It is funny that you are telling me this about Bayesian methods though. The fact is that I am as hard-core Bayesian as you can find :). In fact, my advisor is one of the biggest people in the Bayesian field.
The maximization that I am writing is needed to implement namely M-H algorithm. The simplest form of it is Random Walk MH. However, in order to calculate the variance for the proposal density, I need to mind MLE and evaluate the negative inverse Hessian at MLE to get the variance for my proposal density.
Another algorithm I will be writing involves something called MH Tailoring (my advisor developed it), which also requires maximization routine within each iteration for each MH-block. In this case though, the dimensionality of the maximization problem will be smaller, depending on Blocking.
So, my question still stands:
What is the most efficient way ( I am talking <computational speed>, not necessarily precision) to maximize a high-dimensional (anywhere between 4 and 20 dimensions) function using GSL <without> specifying analytic derivatives? Am I better of using Nelder Mead Simplex algorithm that doesn't require gradient at all, or should I write "my_df" function to include a loop for numerically evaluating gradient one direction-at-a-time (N-dimensional gradient is nothing but a collection of N one-dimensional derivatives, so I should be able to loop from 1 to N and use gsl_diff_central) and use gsl_multimin_fdfminimizer_vector_bfgs?

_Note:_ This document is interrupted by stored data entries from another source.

lemma closedin_cones_iff_Hausdorff:
  "closedin T {x. le 0 x} \<and> closedin T {x. sle 0 x} \<longleftrightarrow> Hausdorff_space T"
  using closedin_le_cone closedin_sle_cone Hausdorff_if_closedin_cone[OF ordered_le] by blast

lemma mixed_full_gap_nhd:
  assumes lmf: "locally_mixed_full le sle T" and N: "openin T N" "0 \<in> N"
  obtains V where "openin T V" "0 \<in> V"
    "\<And>x z v. x \<in> V \<Longrightarrow> z \<in> V \<Longrightarrow> sle 0 v \<Longrightarrow> le v (z - x) \<Longrightarrow> v \<in> N \<and> - v \<in> N"
proof -
  have "openin T {x. - x \<in> N}"
    using openin_continuous_map_preimage[OF continuous_map_tvs_uminus[OF continuous_map_ident] N(1)]
    by simp
  then have "nbhd_of T 0 (N \<inter> {x. - x \<in> N})"
    unfolding nbhd_of_def using N by (intro exI[of _ "N \<inter> {x. - x \<in> N}"]) auto
  then obtain W where W: "nbhd_of T 0 W" "W \<subseteq> N \<inter> {x. - x \<in> N}"
    and solid: "\<And>x y. y \<in> W \<Longrightarrow> sle 0 x \<Longrightarrow> le x y \<Longrightarrow> x \<in> W"
    using lmf unfolding locally_mixed_full_def by meson
  obtain W0 where W0: "openin T W0" "0 \<in> W0" "W0 \<subseteq> W"
    using W(1) unfolding nbhd_of_def by blast
  have minus: "continuous_map (prod_topology T T) T (\<lambda>p. fst p - snd p)"
    by (intro continuous_intros)
  obtain V where V: "openin T V" "0 \<in> V" "\<And>a b. a \<in> V \<Longrightarrow> b \<in> V \<Longrightarrow> a - b \<in> W0"
    by (rule continuous_map_pair_nhd[OF minus W0(1), of 0]) (use W0(2) in auto)
  show ?thesis
  proof (rule that[OF V(1,2)])
    fix x z v assume "x \<in> V" "z \<in> V" "sle 0 v" "le v (z - x)"
    then show "v \<in> N \<and> - v \<in> N"
      using solid V(3) W0(3) W(2) by blast
  qed
qed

My co-author uses Gauss, and he tells me that in Gauss there is a driver that uses BFGS, while calculating numerical derivatives automatically on the background. It seems like I should be able to replicate this driver with GSL (if I do what I just described above), but is there anything that I am missing? I would hate to see Gauss driver to run faster than my C code, because I missed some important point or some trick. Clearly, if I provided analytical derivatives, BFGS would be faster than Nelder Mead Simplex. But if BFGS has access only to numerical derivatives... Which one is better in most cases?

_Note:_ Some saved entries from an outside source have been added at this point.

lemma k6_crossing_nonparallel:
  assumes "{{i, j}, {k, l}} \<in> k6_crossings"
  shows "k6_det i j k l \<noteq> 0"
proof -
  have "list_all (\<lambda>i. list_all (\<lambda>j. list_all (\<lambda>k. list_all (\<lambda>l.
      {{i, j}, {k, l}} \<in> k6_crossings \<longrightarrow> k6_det i j k l \<noteq> 0)
      [0..<6]) [0..<6]) [0..<6]) [0..<6]"
    unfolding k6_det_def k6_x_def k6_y_def k6_crossings_iff doubleton_eq_iff by code_simp
  moreover have "i < 6 \<and> j < 6 \<and> k < 6 \<and> l < 6"
    using assms unfolding k6_crossings_def by (auto simp: doubleton_eq_iff)
  ultimately show ?thesis
    using assms unfolding list_all_upt_iff by blast
qed

lemma k6_point_notin_segment:
  assumes "a < 6" "b < 6" "c < 6" "distinct [a, b, c]"
  shows "k6_point c \<notin> k6_segment a b"
  using cross_closed_segment_eq_0 [of "k6_point c" "k6_point a" "k6_point b"]
    k6_general_position [OF assms]
  by (auto simp: cross_k6_point)

lemma inj_on_k6_point: "inj_on k6_point {..<6}"
proof (rule inj_onI)
  fix a b :: nat
  assume ab: "a \<in> {..<6}" "b \<in> {..<6}" "k6_point a = k6_point b"
  show "a = b"
  proof (rule ccontr)
    assume "a \<noteq> b"
    define c :: nat where "c = (if 0 \<notin> {a, b} then 0 else if 1 \<notin> {a, b} then 1 else 2)"
    have "c < 6" "distinct [c, b, a]"
      using \<open>a \<noteq> b\<close> by (auto simp: c_def)
    then have "k6_point a \<notin> k6_segment c b"
      using ab(1,2) k6_point_notin_segment by auto
    with ab(3) show False by simp
  qed
qed

lemma k6_segments_common_end:
  assumes "a < 6" "b < 6" "c < 6" "distinct [a, b, c]"
  shows "k6_segment a b \<inter> k6_segment a c \<subseteq> {k6_point a}"
  using closed_segments_common_end_Int k6_general_position [OF assms]
  by (simp add: cross_k6_point)

lemma k6_segments_disjoint:
  assumes "i < 6" "j < 6" "k < 6" "l < 6" "distinct [i, j, k, l]" "{{i, j}, {k, l}} \<notin> k6_crossings"
  shows "k6_segment i j \<inter> k6_segment k l = {}"
  using k6_noncrossing_separated [OF assms]
    closed_segments_disjoint_same_side
      [where a = "k6_point i" and b = "k6_point j" and c = "k6_point k" and d = "k6_point l"]
    closed_segments_disjoint_same_side
      [where a = "k6_point k" and b = "k6_point l" and c = "k6_point i" and d = "k6_point j"]
  by (auto simp: cross_k6_point zero_less_mult_iff)

lemma k6_segments_cross_once:
  assumes "{{i, j}, {k, l}} \<in> k6_crossings"
    and "x \<in> k6_segment i j \<inter> k6_segment k l" "y \<in> k6_segment i j \<inter> k6_segment k l"
  shows "x = y"
  using closed_segments_Int_subsingleton [OF _ assms(2,3)] k6_crossing_nonparallel [OF assms(1)]
  by (simp add: cross_k6_point)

I think this question should have come up for many people looking to solve a high dimensional min/max problem, because even if in theory analytic derivatives were available, it is simply not feasible to code them all up in, say, 100, or 1000-dimensional problem. So, one either has to loop through numerical derivatives, or live without gradient all together.
But which one is better?
________________________________
From: Jason Stover [mailto:jstover@sdf.lonestar.org]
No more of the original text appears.